Leveraging Non-Covalent Interactions for the Binding of CO by a Weakly Lewis Acidic Borane

Abstract

Known boron carbonyl complexes either exploit very high Lewis acidity or a low oxidation state boron centre in order to capture CO. By contrast, we report a carbonyl complex featuring a simple tri-coordinate borane, characterized by a Lewis acidity which is only marginally higher than B(NMe2)3. {(Ph2P)xanth}3B features a solid-state structure in which two of the three B-bound xanth(PPh2) units are projected above the BC3plane, generating an up,up,down conformation.
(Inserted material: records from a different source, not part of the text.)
lemma well_ordered_set_induct [consumes 2, case_names step]:
  assumes wo: "well_ordered_set T" and "t \<in> T"
    and step: "\<And>t. t \<in> T \<Longrightarrow> (\<And>r. r \<in> T \<Longrightarrow> r < t \<Longrightarrow> P r) \<Longrightarrow> P t"
  shows "P t"
proof (rule ccontr)
  assume "\<not> P t"
  then obtain m where m: "m \<in> T" "\<not> P m" and least: "\<And>r. r \<in> T \<Longrightarrow> \<not> P r \<Longrightarrow> m \<le> r"
    using wo \<open>t \<in> T\<close> unfolding well_ordered_set_def
    by (drule_tac x = "{r \<in> T. \<not> P r}" in spec) auto
  have "P m" using step[OF m(1)] least by force
  with m(2) show False ..
qed

lemma tminus_mem_le:
  assumes "closed T" and "r \<in> T" and "r < t"
  shows "tminus T t \<in> T" and "tminus T t \<le> t"
proof -
  let ?S = "{r \<in> T. r < t}"
  have ne: "?S \<noteq> {}" and bdd: "bdd_above ?S"
    using assms(2,3) by (auto intro: bdd_aboveI[of _ t])
  have "closure ?S \<subseteq> T" using \<open>closed T\<close> by (intro closure_minimal) auto
  then show "tminus T t \<in> T"
    using closure_contains_Sup[OF ne bdd] by (auto simp: tminus_def)
  show "tminus T t \<le> t" unfolding tminus_def by (rule cSup_least[OF ne]) auto
qed

lemma incseq_tendsto_Sup:
  fixes S :: "real set"
  assumes ne: "S \<noteq> {}" and bdd: "bdd_above S"
  obtains tn where "range tn \<subseteq> S" "incseq tn" "tn \<longlonglongrightarrow> Sup S"
proof -
  have "\<exists>r\<in>S. Sup S - inverse (real (Suc n)) < r" for n
    by (rule less_cSupD[OF ne]) simp
  then obtain r where r: "\<And>n. r n \<in> S" "\<And>n. Sup S - inverse (real (Suc n)) < r n"
    by metis
  define tn where "tn n = Max (r ` {..n})" for n
  have "tn n \<in> r ` {..n}" for n unfolding tn_def by (intro Max_in) auto
  then have tnS: "tn n \<in> S" for n using r(1) by (metis imageE)
  have "incseq tn" unfolding incseq_def tn_def by (intro allI impI Max_mono) auto
  moreover have "tn \<longlonglongrightarrow> Sup S"
  proof (rule tendsto_sandwich)
    show "\<forall>\<^sub>F n in sequentially. Sup S - inverse (real (Suc n)) \<le> tn n"
      using r(2) Max_ge[of "r ` {..n}" "r n" for n] by (intro always_eventually allI)
        (fastforce simp: tn_def intro: order.trans[OF less_imp_le])
    show "\<forall>\<^sub>F n in sequentially. tn n \<le> Sup S"
      using tnS bdd by (intro always_eventually allI cSup_upper)
    show "(\<lambda>n. Sup S - inverse (real (Suc n))) \<longlonglongrightarrow> Sup S"
      using tendsto_diff[OF tendsto_const LIMSEQ_inverse_real_of_nat] by simp
  qed simp
  ultimately show ?thesis using tnS that by blast
qed

subsection \<open>Least action principle\<close>

theorem legal_toppling_le_Fs:
  assumes deg: "\<And>x. deg E x > 0"
    and tp: "toppling_proc T u" and lg: "legal E s T u" and f: "f \<in> Fs E s" and "t \<in> T"
  shows "u t x \<le> f x"
proof -
  have wo: "well_ordered_set T" and "closed T" and "0 \<in> T" and nonneg_T: "T \<subseteq> {0..}"
    and u0: "\<And>x. u 0 x = 0"
    and cont: "\<And>x t tn. t \<in> T \<Longrightarrow> range tn \<subseteq> T \<Longrightarrow> incseq tn \<Longrightarrow> tn \<longlonglongrightarrow> t
        \<Longrightarrow> (\<lambda>n. u (tn n) x) \<longlonglongrightarrow> u t x"
    using tp unfolding toppling_proc_def by blast+
  have "\<forall>x. u t x \<le> f x" using wo \<open>t \<in> T\<close>
  proof (induction rule: well_ordered_set_induct)
    case (step t)
    show ?case
    proof (cases "t = 0")
      case True
      then show ?thesis using u0 f by (simp add: Fs_def)
    next
      case False
      with \<open>t \<in> T\<close> nonneg_T have "0 < t" by force
      let ?m = "tminus T t"
      have mT: "?m \<in> T" and "?m \<le> t"
        using tminus_mem_le[OF \<open>closed T\<close> \<open>0 \<in> T\<close> \<open>0 < t\<close>] by auto
      show ?thesis
      proof (cases "?m < t")
        case True
        show ?thesis
        proof
          fix x
          have "u t x - u ?m x \<le> max 0 (s x + Lap E (u ?m) x - 1) / deg E x"
            using lg \<open>t \<in> T\<close> False unfolding legal_def by blast
          then show "u t x \<le> f x"
            using legal_step_le_Fs[OF deg _ f] "step.IH"[OF mT True] by blast
        qed
      next
        case False
        let ?S = "{r \<in> T. r < t}"
        have "Sup ?S = t" using False \<open>?m \<le> t\<close> by (simp add: tminus_def)
        moreover have "?S \<noteq> {}" "bdd_above ?S"
          using \<open>0 \<in> T\<close> \<open>0 < t\<close> by (auto intro: bdd_aboveI[of _ t])
        ultimately obtain tn where tn: "range tn \<subseteq> ?S" "incseq tn" "tn \<longlonglongrightarrow> t"
          using incseq_tendsto_Sup by metis
        show ?thesis
        proof
          fix x
          have lim: "(\<lambda>n. u (tn n) x) \<longlonglongrightarrow> u t x"
            using tn by (intro cont \<open>t \<in> T\<close>) auto
          have "u (tn n) x \<le> f x" for n
            using tn(1) "step.IH" by blast
          then show "u t x \<le> f x" by (intro LIMSEQ_le_const2[OF lim]) blast
        qed
      qed
    qed
  qed
  then show ?thesis ..
qed

corollary legal_toppling_finite:
  assumes "\<And>x. deg E x > 0" and "toppling_proc T u" "legal E s T u" "Fs E s \<noteq> {}"
  shows "finite_proc T u"
proof -
  obtain f where f: "f \<in> Fs E s" using assms(4) by blast
  show ?thesis
    unfolding finite_proc_def by (metis bdd_aboveI2 legal_toppling_le_Fs[OF assms(1-3) f])
qed

lemma stabilizing_u_lim_in_Fs:
  assumes tp: "toppling_proc T u" and st: "stabilizing E s T u"
  shows "u_lim T u \<in> Fs E s"
  unfolding Fs_def
proof (intro CollectI conjI allI)
  fix x
  show "s x + Lap E (u_lim T u) x \<le> 1" using st by (simp add: stabilizing_def)
  have "bdd_above ((\<lambda>t. u t x) ` T)" using st by (simp add: stabilizing_def finite_proc_def)
  moreover have "0 \<in> T" "u 0 x = 0" using tp by (auto simp: toppling_proc_def)
  ultimately have "u 0 x \<le> u_lim T u x" unfolding u_lim_def by (intro cSUP_upper)
  with \<open>u 0 x = 0\<close> show "u_lim T u x \<ge> 0" by simp
qed

lemma Fs_nonempty_iff_odometer_finite: "Fs E s \<noteq> {} \<longleftrightarrow> (\<forall>x. odometer E s x < \<infinity>)"
proof
  assume "Fs E s \<noteq> {}"
  then obtain f where "f \<in> Fs E s" by blast
  show "\<forall>x. odometer E s x < \<infinity>"
  proof
    fix x
    have "odometer E s x \<le> ereal (f x)"
      unfolding odometer_def using \<open>f \<in> Fs E s\<close> by (rule INF_lower)
    also have "\<dots> < \<infinity>" by simp
    finally show "odometer E s x < \<infinity>" .
  qed
next
  assume finite: "\<forall>x. odometer E s x < \<infinity>"
  show "Fs E s \<noteq> {}"
  proof
    assume "Fs E s = {}"
    then have "odometer E s undefined = \<infinity>" by (simp add: odometer_def top_ereal_def)
    with finite show False by simp
  qed
qed

lemma parallel_proc_of_nat: "parallel_proc E s (real n) = par_top E s n"
  by (simp add: parallel_proc_def fun_eq_iff)

lemma incseq_par_top: "incseq (\<lambda>n. par_top E s n x)"
  by (rule incseq_SucI) (simp add: deg_def)

lemma well_ordered_set_Nats: "well_ordered_set \<nat>"
  unfolding well_ordered_set_def
proof (intro allI impI)
  fix S :: "real set" assume S: "S \<subseteq> \<nat> \<and> S \<noteq> {}"
  then obtain k where "real k \<in> S" by (auto elim!: Nats_cases)
  then have least: "real (LEAST n. real n \<in> S) \<in> S" by (rule LeastI)
  have "real (LEAST n. real n \<in> S) \<le> y" if "y \<in> S" for y
    using S that Least_le[of "\<lambda>n. real n \<in> S"] by (auto elim!: Nats_cases)
  with least show "\<exists>m\<in>S. \<forall>y\<in>S. m \<le> y" by blast
qed

lemma Nats_tendsto_eventually_eq:
  assumes "range tn \<subseteq> \<nat>" and "t \<in> \<nat>" and "tn \<longlonglongrightarrow> (t :: real)"
  shows "\<forall>\<^sub>F n in sequentially. tn n = t"
proof -
  have "\<forall>\<^sub>F n in sequentially. dist (tn n) t < 1" using assms(3) by (rule tendstoD) simp
  then show ?thesis
  proof (rule eventually_mono)
    fix n assume "dist (tn n) t < 1"
    then show "tn n = t" using assms(1,2) Nats_subset_Ints Ints_eq_abs_less1[of "tn n" t]
      by (auto simp: dist_real_def)
  qed
qed
(* Let $\Omega$ be a distribution of $\Sigma$, $\mathsf{Obs}$ an observation function over $\Sigma$, and $(\sigma_N,P)\in\mathit{CED}(\Omega,\mathsf{Obs})$. (1) For every discrepancy $\delta\in\mathcal D(\sigma_N,P)$ and every $\sigma\in\mathsf{img}(P)$, $\sigma_N|_\delta\ne\sigma|_\delta$. Consequently there is no function $P':\Omega\cup\{\delta\}\to\mathsf{Dom}(\mathsf{Obs})$ extending $P$ with $P'(\delta)\in\mathsf{img}(P)$ such that $(\sigma_N,P')\in\mathit{CED}(\Omega\cup\{\delta\},\mathsf{Obs})$. (2) Conversely, let $\Omega'$ be any distribution of $\Sigma$ such that no $\delta\in\mathcal D(\sigma_N,P)$ is contained in any $\Sigma_j\in\Omega'$. Then for every $\Sigma_j\in\Omega'$ there is $\sigma\in\mathsf{img}(P)$ with $\sigma_N|_{\Sigma_j}=\sigma|_{\Sigma_j}$; hence there exists $P'':\Omega'\to\mathsf{img}(P)$ with $(\sigma_N,P'')\in\mathit{CED}(\Omega',\mathsf{Obs})$.
   Context: $\sigma|_{\Sigma'}$ is the projection of a word onto $\Sigma'$ (subsequence of symbols in $\Sigma'$). A distribution of $\Sigma$ is a finite set of subsets of $\Sigma$ with union $\Sigma$. An observation function is a partial map $\mathsf{Obs}:\Sigma^\star\rightharpoonup\{+,-\}$ with finite domain. A counter-example to $\Omega\models\mathsf{Obs}$ is a pair $(\sigma_N,P)$ with $\sigma_N\in\mathsf{Dom}(\mathsf{Obs})$, $\mathsf{Obs}(\sigma_N)=-$, and $P:\Omega\to\mathsf{Dom}(\mathsf{Obs})$ such that for all $\Sigma_i\in\Omega$, $\mathsf{Obs}(P(\Sigma_i))=+$ and $\sigma_N|_{\Sigma_i}=P(\Sigma_i)|_{\Sigma_i}$; $\mathit{CED}(\Omega,\mathsf{Obs})$ is the set of these, and $\mathsf{img}(P)$ is the image of $P$. Discrepancies: for a word $w$ let $\Sigma^m(w)$ be the multiset of its symbols. For $\Sigma_i\in\Omega$, the multiplicity discrepancies are $\mathcal D_m^{\Sigma_i}(\sigma_N,P)=\{a\in\Sigma\mid a$ occurs a different number of times in $\sigma_N$ and in $P(\Sigma_i)\}$. Let $\theta=\Sigma\setminus\mathcal D_m^{\Sigma_i}(\sigma_N,P)$, $u=\sigma_N|_\theta$, $w=P(\Sigma_i)|_\theta$ (these are permutations of each other); let $\pi$ be the unique bijection of positions with $u[j]=w[\pi(j)]$ for all $j$ and such that $j<k$, $u[j]=u[k]$ imply $\pi(j)<\pi(k)$. The order discrepancies are $\mathcal D_o^{\Sigma_i}(\sigma_N,P)=\{\{u[j],u[k]\}\mid j<k,\ \pi(j)>\pi(k)\}$. A set $\delta\subseteq\Sigma$ is a discrepancy for $(\sigma_N,P)$ iff for every $\Sigma_i\in\Omega$, either $\delta\cap\mathcal D_m^{\Sigma_i}(\sigma_N,P)\neq\emptyset$ or some element of $\mathcal D_o^{\Sigma_i}(\sigma_N,P)$ is a subset of $\delta$; $\mathcal D(\sigma_N,P)$ is the set of all discrepancies. *)

theory Defs
  imports Main
begin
Quantum chemical methods, however, reveal that the alternative up,up,up alignment, characterized by a cage-like geometry and enhanced intramolecular non-covalent interactions, is favoured significantly in silico (by ca. 33.0 kcal mol-1). While this conformation is optimal for binding polar C3-symmetric H-bond donors such as NH3 (and related guests such as H2O and MeNH2) the binding of essentially non-polar substrates such as CO would be expected to be weak at best. However, exposure of {(Ph2P)xanth}3B to CO under mild conditions (1 bar, 25°C) reversibly yields {(Ph2P)xanth}3B·CO, a tractable cage-like borane carbonyl adduct featuring a central BCO moiety shrouded by xanth(PPh2) moieties. Dispersion forces are critical to substrate binding: the two binding modes in which the B-bound CO guest is located inside/outside the host cage differ in energy by 59.5 kcal mol-1.